If you want to extract a dataset to work on using the ``create_ukbb_phenotype_dataset`` command, it is highly advisable that you spend a few minutes going throguh its help message (simply run ``create_ukbb_phenotype_dataset --help``) so that you won't be surprised by any unintended consequences of its default behavior and so that you will be able to make the most out of it.

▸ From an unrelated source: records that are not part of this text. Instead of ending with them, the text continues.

lemma finite_qf_classes:
  assumes nonsquare: "\<forall>s. D \<noteq> s^2"
  shows "finite (qf_classes D)"
proof -
  define R where "R = {(f, g). qf_equiv f g}"
  define B where "B = {-\<bar>D\<bar>..\<bar>D\<bar>} \<times> {-\<bar>D\<bar>..\<bar>D\<bar>} \<times> {-\<bar>D\<bar>..\<bar>D\<bar>}"
  have "qf_classes D \<subseteq> (\<lambda>f. R `` {f}) ` B"
  proof
    fix C assume "C \<in> qf_classes D"
    then obtain f where f: "disc f = D" "C = R `` {f}"
      unfolding qf_classes_def R_def by (auto elim: quotientE)
    obtain g where g: "qf_equiv f g" "reduced g"
      using exists_reduced_qf_equiv[OF nonsquare f(1)] by blast
    obtain a b c where abc: "g = (a, b, c)" by (cases g)
    have "disc (a, b, c) = D" using disc_qf_equiv[OF g(1)] f(1) by (simp add: abc)
    with g(2) have "\<bar>a\<bar> \<le> \<bar>D\<bar> \<and> \<bar>b\<bar> \<le> \<bar>D\<bar> \<and> \<bar>c\<bar> \<le> \<bar>D\<bar>"
      using reduced_bound[OF nonsquare] by (simp add: abc)
    then have "g \<in> B" by (auto simp: abc B_def abs_le_iff)
    moreover have "R `` {f} = R `` {g}"
      using equiv_class_eq[OF equiv_qf_equiv] g(1) by (simp add: R_def)
    ultimately show "C \<in> (\<lambda>f. R `` {f}) ` B" using f by blast
  qed
  moreover have "finite B" by (simp add: B_def)
  ultimately show ?thesis by (meson finite_imageI finite_subset)
qed

section \<open>Conjugacy classes and classes of forms\<close>

lemma braid_conj_refl: "braid_conj w w"
  unfolding braid_conj_def by (intro exI[of _ "[]"]) simp

lemma braid_conj_sym:
  assumes "braid_conj w v"
  shows "braid_conj v w"
proof -
  obtain u where u: "braid_eq w (u @ v @ inv_word u)"
    using assms unfolding braid_conj_def by blast
  have "braid_eq (inv_word u @ w @ u) ((inv_word u @ u) @ v @ (inv_word u @ u))"
    using braid_eq_cong[OF u, of "inv_word u" u] by simp
  also have "braid_eq \<dots> ([] @ v @ [])"
    using braid_eq_append[OF braid_eq_inv_left braid_eq_append[OF braid_eq_refl braid_eq_inv_left]] .
  finally have "braid_eq v (inv_word u @ w @ inv_word (inv_word u))"
    by (simp add: braid_eq_sym)
  then show ?thesis unfolding braid_conj_def by blast
qed

lemma braid_conj_trans:
  assumes "braid_conj w v" "braid_conj v x"
  shows "braid_conj w x"
proof -
  obtain u u' where u: "braid_eq w (u @ v @ inv_word u)" and u': "braid_eq v (u' @ x @ inv_word u')"
    using assms unfolding braid_conj_def by blast
  have "braid_eq w ((u @ u') @ x @ inv_word (u @ u'))"
    using braid_eq_trans[OF u braid_eq_cong[OF u', of u "inv_word u"]] by simp
  then show ?thesis unfolding braid_conj_def by blast
qed

lemma conj_class_eq_iff: "conj_class g = conj_class g' \<longleftrightarrow> braid_conj g g'"
proof
  assume "conj_class g = conj_class g'"
  then show "braid_conj g g'"
    using braid_conj_refl[of g] by (auto simp: conj_class_def)
next
  assume "braid_conj g g'"
  then show "conj_class g = conj_class g'"
    unfolding conj_class_def using braid_conj_sym braid_conj_trans by blast
qed

lemma eps_braid_conj: "braid_conj w v \<Longrightarrow> eps w = eps v"
  unfolding braid_conj_def by (auto dest!: eps_braid_eq)

lemma qf_equiv_if_braid_conj:
  assumes "braid_conj g g'"
  shows "qf_equiv (form_of_mat (phi g')) (form_of_mat (phi g))"
proof -
  obtain u where "braid_eq g (u @ g' @ inv_word u)"
    using assms unfolding braid_conj_def by blast
  then have "phi g = mmult (phi u) (mmult (phi g') (minv (phi u)))"
    by (simp add: phi_braid_eq phi_inv_word)
  then have "form_of_mat (phi g) = qf_act (minv (phi u)) (form_of_mat (phi g'))"
    by (simp add: qf_act_form_of_mat)
  then show ?thesis
    unfolding qf_equiv_iff_qf_act by (metis mdet_minv mdet_phi)
qed

lemma braid_conj_if_qf_equiv:
  assumes equiv: "qf_equiv (form_of_mat (phi g)) (form_of_mat (phi g'))"
    and trace: "mtrace (phi g) = mtrace (phi g')" and eps: "\<bar>eps g - eps g'\<bar> < 12"
  shows "braid_conj g' g"
proof -
  obtain Q where Q: "mdet Q = 1" "form_of_mat (phi g') = qf_act Q (form_of_mat (phi g))"
    using equiv unfolding qf_equiv_iff_qf_act by blast
  then have "phi g' = mmult (minv Q) (mmult (phi g) Q)"
    using trace mtrace_conj[OF Q(1)] by (intro form_of_mat_inj) (simp_all add: qf_act_form_of_mat)
  moreover obtain u where u: "phi u = minv Q"
    using phi_surj mdet_minv Q(1) by metis
  ultimately have "phi (u @ g @ inv_word u) = phi g'"
    by (simp add: phi_inv_word)
  moreover have "\<bar>eps (u @ g @ inv_word u) - eps g'\<bar> < 12"
    using eps by simp
  ultimately have "braid_eq (u @ g @ inv_word u) g'"
    by (rule braid_eq_if_phi_eq_eps_close)
  then show ?thesis
    unfolding braid_conj_def by (blast intro: braid_eq_sym)
qed

definition trace_window :: "int \<Rightarrow> int \<Rightarrow> word set" where
  "trace_window t n = {g. mtrace (phi g) = t \<and> n \<le> eps g \<and> eps g < n + 12}"

definition form_class :: "word \<Rightarrow> bqf set" where
  "form_class g = {(f, f'). qf_equiv f f'} `` {form_of_mat (phi g)}"

lemma conj_class_eq_iff_form_class_eq:
  assumes "g \<in> trace_window t n" "g' \<in> trace_window t n"
  shows "conj_class g = conj_class g' \<longleftrightarrow> form_class g = form_class g'"
proof -
  have "form_class g = form_class g' \<longleftrightarrow> qf_equiv (form_of_mat (phi g)) (form_of_mat (phi g'))"
    unfolding form_class_def using eq_equiv_class_iff[OF equiv_qf_equiv] by simp
  moreover have "mtrace (phi g) = mtrace (phi g')" "\<bar>eps g - eps g'\<bar> < 12"
    using assms by (auto simp: trace_window_def)
  ultimately show ?thesis
    using conj_class_eq_iff braid_conj_sym qf_equiv_sym qf_equiv_if_braid_conj braid_conj_if_qf_equiv
    by metis
qed
(* The finite separable extension $K_R/K$ has exactly one upper ramification break, namely $\mathcal U_{K_R/K}=\left\{\frac{R}{q-1}\right\}$.
   Context: Let $p$ be a prime and $K$ a complete discrete valuation field of characteristic $p$ with algebraically closed residue field, normalized valuation $v_K$; fix $t\in K$ with $v_K(t)=-1$. Let $q$ be a power of $p$ and $R$ a positive integer prime to $p$, and let $K_R=K(T)$ be the extension defined by $T^q+T^{q-1}=t^R$ (it is separable of degree $q$ over $K$). For a finite separable (not necessarily Galois) extension $M/F$ of complete discrete valuation fields, the set $\mathcal U_{M/F}$ of upper ramification breaks is defined via Deligne's upper numbering filtration on the set of $F$-embeddings of $M$ into a separable closure (Deligne, "Les corps locaux de caractéristique p, limites de corps locaux de caractéristique 0", Appendice); equivalently, it is the set of rationals $x>-1$ at which the Herbrand function $\psi_{M/F}$ is not differentiable. *)

theory Defs
  imports Complex_Main "HOL-Computational_Algebra.Polynomial" "HOL-Library.Extended_Real"
begin

text \<open>The ambient type 'a (all of it) plays the role of a separable closure of K.
  Valuations take values in ereal, with v 0 = infinity.\<close>

definition is_subfield :: "'a::field set \<Rightarrow> bool" where
  "is_subfield F \<longleftrightarrow> 0 \<in> F \<and> 1 \<in> F \<and> (\<forall>a\<in>F. \<forall>b\<in>F. a + b \<in> F \<and> a * b \<in> F)
     \<and> (\<forall>a\<in>F. - a \<in> F \<and> inverse a \<in> F)"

ukbb_parser also provides a ``create_ukbb_genotype_spec_file`` command, that lists all the genotyping files provided by the UKBB. For example:

.. code-block:: cshell

create_ukbb_genotype_spec_file --genotyping-type=raw --output-file=/tmp/ukbb_raw_marker_genotyping_spec.csv

Or:

.. code-block:: cshell

create_ukbb_genotype_spec_file --genotyping-type=imputation --output-file=/tmp/ukbb_imputation_genotyping_spec.csv

Installation
===============

Just run:

.. code-block:: cshell

git clone https://github.com/nadavbra/ukbb_parser.git /tmp/ukbb_parser_src
cd /tmp/ukbb_parser_src
git submodule update --init --recursive
python setup.py install

Python dependencies
-----------------

(requires Python 3)

* numpy
* scipy
* pandas
* matplotlib
* biopython
* statsmodels

Configuration
===============

Following installtion, you will have to create and configure a ``.ukbb_paths.py`` file in your home directory (i.e. ``~/.ukbb_paths.py``). This settings file specifies the paths of all the necessary UKBB data files on your filesystem.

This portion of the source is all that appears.